3 March 2016

The largest immigration detention centre in Europe, Harmondsworth Immigration Removal Centre in the UK, has been found to have deteriorated to an ‘unacceptable condition’. The Chief Inspector of Prisons in the UK, Peter Clarke, has published  a damning report after an unannounced visit to the Centre in September 2015. The Centre has a capacity for 661 male detainees, and holds asylum seekers as well as those awaiting removal to their countries of origin.

The report finds that conditions in some residential units are ‘appalling’ with the standard of repair, cleanliness and hygiene unacceptably poor. Showers and toilets in the older units were seriously insanitary, with many rooms overcrowded and poorly ventilated. Clarke deplores that the centre was allowed to reach such a state, finding that in many respects there had been a deterioration since the last inspection in August 2013.
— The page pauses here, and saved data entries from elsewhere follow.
lemma Gamma_le:
  assumes G: "weighted_graph V E f"
  shows "Gamma V E f \<le> max (max_fdeg V E f + 1) (fdensity V E f)"
    (is "_ \<le> ?k")
proof -
  have finV: "finite V" using G by (simp add: weighted_graph_def)
  have k_nonneg: "0 \<le> ?k" using max_fdeg_nonneg[OF finV, of E f] by linarith
  have "frac_Gamma V E f \<le> real_of_int ?k"
  proof (cases "E = {#}")
    case True
    then show ?thesis using k_nonneg by (simp add: frac_Gamma_def)
  next
    case False
    have "x \<le> real_of_int ?k" if x_in: "x \<in> gamma_ratios V E f" for x
    proof -
      obtain U F where UF: "U \<subseteq> V" "F \<subseteq># boundary E U" "fsum f U + size F \<ge> 2"
        and x: "x = real (size (edges_in E U) + size F) / real ((fsum f U + size F) div 2)"
        using x_in unfolding gamma_ratios_def by blast
      have "real_of_int (int (size (edges_in E U) + size F))
              \<le> real_of_int (?k * int ((fsum f U + size F) div 2))"
        using gamma_count_bound[OF G UF] by (simp only: of_int_le_iff)
      then have "real (size (edges_in E U) + size F) \<le> real_of_int ?k * real ((fsum f U + size F) div 2)"
        by simp
      moreover have "real ((fsum f U + size F) div 2) > 0" using UF(3) by simp
      ultimately show ?thesis unfolding x by (simp add: divide_le_eq)
    qed
    then show ?thesis
      using frac_Gamma_eq_Max[OF False] finite_gamma_ratios[OF finV]
        gamma_ratios_nonempty[OF G False] by simp
  qed
  then show ?thesis unfolding Gamma_def by (simp add: ceiling_le_iff)
qed

text \<open>W_f(G) \<le> \<Gamma>_f(G): a subgraph (U, F) is dominated by the pair (U, \<emptyset>), since F \<subseteq> E[U].\<close>

lemma fdensity_le_Gamma:
  assumes G: "weighted_graph V E f"
  shows "fdensity V E f \<le> Gamma V E f"
proof -
  have finV: "finite V" using G by (simp add: weighted_graph_def)
  have "frac_fdensity V E f \<le> frac_Gamma V E f"
  proof (cases "card V \<ge> 2")
    case False
    have "E = {#}"
    proof (rule ccontr)
      assume "E \<noteq> {#}"
      then obtain e where "e \<in># E" by blast
      then have "e \<subseteq> V" and "card e = 2" using G by (auto simp: weighted_graph_def)
      then show False using card_mono[OF finV, of e] False by simp
    qed
    then show ?thesis using False by (simp add: frac_fdensity_def frac_Gamma_def)
  next
    case True
    have "x \<le> frac_Gamma V E f" if x_in: "x \<in> density_ratios V E f" for x
    proof -
      obtain U F where U: "U \<subseteq> V" "card U \<ge> 2" and F: "F \<subseteq># E" "\<forall>e\<in>#F. e \<subseteq> U"
        and x: "x = real (size F) / real (fsum f U div 2)"
        using x_in unfolding density_ratios_def by blast
      show ?thesis
      proof (cases "E = {#}")
        case True
        then show ?thesis using F x by (simp add: frac_Gamma_def)
      next
        case False
        have "filter_mset (\<lambda>e. e \<subseteq> U) F = F"
          using F(2) by (simp add: filter_mset_eq_conv)
        then have "F \<subseteq># edges_in E U"
          using multiset_filter_mono[OF F(1)] unfolding edges_in_def by metis
        then have "x \<le> real (size (edges_in E U)) / real (fsum f U div 2)"
          unfolding x by (simp add: divide_right_mono size_mset_mono)
        also have "\<dots> \<le> frac_Gamma V E f"
          using vertex_set_ratio_in_gamma_ratios[OF G U] frac_Gamma_eq_Max[OF False]
            finite_gamma_ratios[OF finV] by simp
        finally show ?thesis .
      qed
    qed
    moreover have "real (size ({#} :: 'a set multiset)) / real (fsum f V div 2) \<in> density_ratios V E f"
      unfolding density_ratios_def using True by (intro CollectI exI[of _ V] exI[of _ "{#}"]) auto
    ultimately show ?thesis
      using frac_fdensity_eq_Max[OF True] finite_density_ratios[OF finV]
      by (metis Max_in empty_iff)
  qed
  then show ?thesis unfolding fdensity_def Gamma_def by (rule ceiling_mono)
qed

theorem lemma1:
  fixes V :: "'a set" and E :: "'a set multiset" and f :: "'a \<Rightarrow> nat"
  assumes "weighted_graph V E f"
  shows "max (max_fdeg V E f + 1) (Gamma V E f) = max (max_fdeg V E f + 1) (fdensity V E f)"
  using Gamma_le[OF assms] fdensity_le_Gamma[OF assms] by linarith

end
(* Let $u$ be a set, $F,G$ conjunctive set transformers on $u$ with $F(u)=u$ and $G(u)=u$, and $q\subseteq u$. Then $X(q)(\varnothing)$ equals the least fixpoint of the monotone map ${\cal F}(q)(\varnothing):Y\mapsto q\cup(G(\varnothing)\cap F(Y))$ on $\mathbb{P}(u)$; equivalently, the guard $\overline{X(q)(\varnothing)}$ of $X(q)$ is the complement of this least fixpoint.
   Context: A set transformer on $u$ is a map $E:\mathbb{P}(u)\to\mathbb{P}(u)$; it is conjunctive if it preserves intersections of nonempty families of subsets (in particular it is monotone). For $a\subseteq u$, $\overline{a}=u\setminus a$; $\mathrm{grd}(E)=\overline{E(\varnothing)}$. The fair iteration $X(q)=\overline{q}\Longrightarrow((F\,;X(q))\mathrel{\triangledown} G)$ (guarded command, sequencing, and dovetail/fair choice) is the set transformer $X(q)(r)={\cal L}(X(q))(r)\cap\mathrm{pre}(X(q))$ where: the liberal part ${\cal L}(X(q))(r)$ is the greatest fixpoint of the monotone map $Y\mapsto q\cup(G(r)\cap F(Y))$ on $\mathbb{P}(u)$, and the termination set $\mathrm{pre}(X(q))$ is the least fixpoint of the monotone map $Y\mapsto q\cup\mathrm{grd}(G)\cup F(Y)$. *)

theory Defs
  imports Main
begin

text \<open>The universe u is rendered as the type 'a (u = UNIV), so P(u) = 'a set and
  the complement of a relative to u is - a.\<close>

definition conjunctive :: "('a set \<Rightarrow> 'a set) \<Rightarrow> bool" where
  "conjunctive E \<longleftrightarrow> (\<forall>S :: 'a set set. S \<noteq> {} \<longrightarrow> E (\<Inter> S) = (\<Inter>A\<in>S. E A))"

definition grd :: "('a set \<Rightarrow> 'a set) \<Rightarrow> 'a set" where
  "grd E = - E {}"

definition fair_lib :: "('a set \<Rightarrow> 'a set) \<Rightarrow> ('a set \<Rightarrow> 'a set) \<Rightarrow> 'a set \<Rightarrow> 'a set \<Rightarrow> 'a set" where
  "fair_lib F G q r = gfp (\<lambda>Y. q \<union> (G r \<inter> F Y))"

definition fair_pre :: "('a set \<Rightarrow> 'a set) \<Rightarrow> ('a set \<Rightarrow> 'a set) \<Rightarrow> 'a set \<Rightarrow> 'a set" where
  "fair_pre F G q = lfp (\<lambda>Y. q \<union> grd G \<union> F Y)"

text \<open>The fair iteration X(q) = not q ==> ((F ; X(q)) dovetail G).\<close>
definition fair_iter :: "('a set \<Rightarrow> 'a set) \<Rightarrow> ('a set \<Rightarrow> 'a set) \<Rightarrow> 'a set \<Rightarrow> 'a set \<Rightarrow> 'a set" where
  "fair_iter F G q r = fair_lib F G q r \<inter> fair_pre F G q"

end

theory Submission
  imports Defs
begin

text \<open>Write \<open>L\<close> for the greatest and \<open>M\<close> for the least fixpoint of
  \<open>Y \<mapsto> q \<union> (g \<inter> F Y)\<close>, where \<open>g = G {}\<close> (so \<open>-g = grd G\<close>), and \<open>P\<close> for the least fixpoint of \<open>Y \<mapsto> q \<union> -g \<union> F Y\<close>.
  Clearly \<open>M \<subseteq> L \<inter> P\<close>. Conversely \<open>-L \<union> M\<close> is a prefixpoint of the second map:
  a point of \<open>L\<close> outside \<open>q\<close> lies in \<open>g \<inter> F L\<close>, and if it also lies in \<open>F (-L \<union> M)\<close>
  then, \<open>F\<close> being conjunctive, it lies in \<open>F (L \<inter> (-L \<union> M)) \<subseteq> F M\<close>, hence in \<open>M\<close>.
  So \<open>P \<subseteq> -L \<union> M\<close>, i.e. \<open>L \<inter> P = M\<close>.\<close>

lemma conjunctive_Int:
  assumes "conjunctive F"
  shows "F (A \<inter> B) = F A \<inter> F B"
  using assms[unfolded conjunctive_def, rule_format, of "{A, B}"] by simp

lemma mono_if_Int_preserving:
  assumes "\<And>A B. F (A \<inter> B) = F A \<inter> F B"
  shows "mono F"
proof (rule monoI)
  fix A B :: "'a set"
  assume "A \<subseteq> B"
  then have "F A = F A \<inter> F B" by (metis assms Int_absorb2 Int_commute)
  then show "F A \<subseteq> F B" by blast
qed

lemma lfp_le_compl_gfp_Un_lfp:
  fixes F :: "'a set \<Rightarrow> 'a set" and q g :: "'a set"
  assumes F_Int: "\<And>A B. F (A \<inter> B) = F A \<inter> F B"
  defines "L \<equiv> gfp (\<lambda>Y. q \<union> (g \<inter> F Y))"
    and "M \<equiv> lfp (\<lambda>Y. q \<union> (g \<inter> F Y))"
  shows "lfp (\<lambda>Y. q \<union> - g \<union> F Y) \<subseteq> - L \<union> M"
proof (rule lfp_lowerbound)
  have mono_F: "mono F" using F_Int by (rule mono_if_Int_preserving)
  have mono_step: "mono (\<lambda>Y. q \<union> (g \<inter> F Y))"
    using mono_F by (auto simp: mono_def)
  have L_unfold: "L = q \<union> (g \<inter> F L)"
    unfolding L_def by (rule gfp_unfold[OF mono_step])
  have M_unfold: "M = q \<union> (g \<inter> F M)"
    unfolding M_def by (rule lfp_unfold[OF mono_step])
  show "q \<union> - g \<union> F (- L \<union> M) \<subseteq> - L \<union> M"
  proof
    fix x
    assume x: "x \<in> q \<union> - g \<union> F (- L \<union> M)"
    show "x \<in> - L \<union> M"
    proof (cases "x \<in> L \<and> x \<notin> q")
      case False
      then show ?thesis using M_unfold by blast
    next
      case True
      with L_unfold have "x \<in> g" and "x \<in> F L" by blast+
      with x True have "x \<in> F L \<inter> F (- L \<union> M)" by blast
      also have "\<dots> = F (L \<inter> (- L \<union> M))" by (rule F_Int[symmetric])
      also have "\<dots> \<subseteq> F M" using mono_F by (rule monoD) blast
      finally show ?thesis using \<open>x \<in> g\<close> M_unfold by blast
    qed
  qed
qed

lemma gfp_Int_lfp_eq_lfp:
  fixes F :: "'a set \<Rightarrow> 'a set"
  assumes F_Int: "\<And>A B. F (A \<inter> B) = F A \<inter> F B"
  shows "gfp (\<lambda>Y. q \<union> (g \<inter> F Y)) \<inter> lfp (\<lambda>Y. q \<union> - g \<union> F Y)
         = lfp (\<lambda>Y. q \<union> (g \<inter> F Y))"
proof -
  have "mono F" using F_Int by (rule mono_if_Int_preserving)
  then have mono_step: "mono (\<lambda>Y. q \<union> (g \<inter> F Y))" by (auto simp: mono_def)
  have "lfp (\<lambda>Y. q \<union> (g \<inter> F Y)) \<subseteq> gfp (\<lambda>Y. q \<union> (g \<inter> F Y))"
    by (rule lfp_le_gfp[OF mono_step])
  moreover have "lfp (\<lambda>Y. q \<union> (g \<inter> F Y)) \<subseteq> lfp (\<lambda>Y. q \<union> - g \<union> F Y)"
    by (rule lfp_mono) blast
  moreover note lfp_le_compl_gfp_Un_lfp[OF F_Int, of q g]
  ultimately show ?thesis by blast
qed

theorem lemma4:
  fixes F G :: "'a set \<Rightarrow> 'a set" and q :: "'a set"
  assumes "conjunctive F" and "conjunctive G"
    and "F UNIV = UNIV" and "G UNIV = UNIV"
  shows "fair_iter F G q {} = lfp (\<lambda>Y. q \<union> (G {} \<inter> F Y))
         \<and> grd (fair_iter F G q) = - lfp (\<lambda>Y. q \<union> (G {} \<inter> F Y))"
proof -
  have iter_empty: "fair_iter F G q {} = lfp (\<lambda>Y. q \<union> (G {} \<inter> F Y))"
    unfolding fair_iter_def fair_lib_def fair_pre_def grd_def
    by (rule gfp_Int_lfp_eq_lfp[OF conjunctive_Int[OF assms(1)]])
  moreover have "grd (fair_iter F G q) = - fair_iter F G q {}"
    by (simp add: grd_def)
  ultimately show ?thesis by simp
qed

end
Corroborating recent findings by other investigations, the inspection found that processes in place to prevent the detention of vulnerable people were not effective. 18% of those detained in cases reviewed were later released due to illness, suicidal intentions or experience of torture. The report found that the Rule 35 process, by which doctors assess whether a person is unfit for detention due to vulnerability, were often mechanical and lacking in detail with some doctors unsure what their role was, which undermined the effectiveness of this safeguard.

With regard to the length of detention the inspection found that some were being held for an ‘unreasonably long time’: 18 detainees had been held for over a year, and one man had been detained for a total period of five years on separate occasions. Vindicating a campaign by a wide range of stakeholders, Clarke recommended that there should be a time limit on the length of detention. The UK is the only country in the EU which can indefinitely detain asylum seekers and migrants. 

ECRE Member, the British Refugee Council stated that ‘the evidence against the Government’s current policy of callous, casual, indefinite imprisonment is mounting’ describing the policy as ‘scandalous’ and ‘ruinous’. Detention Action also called for urgent and fundamental reform.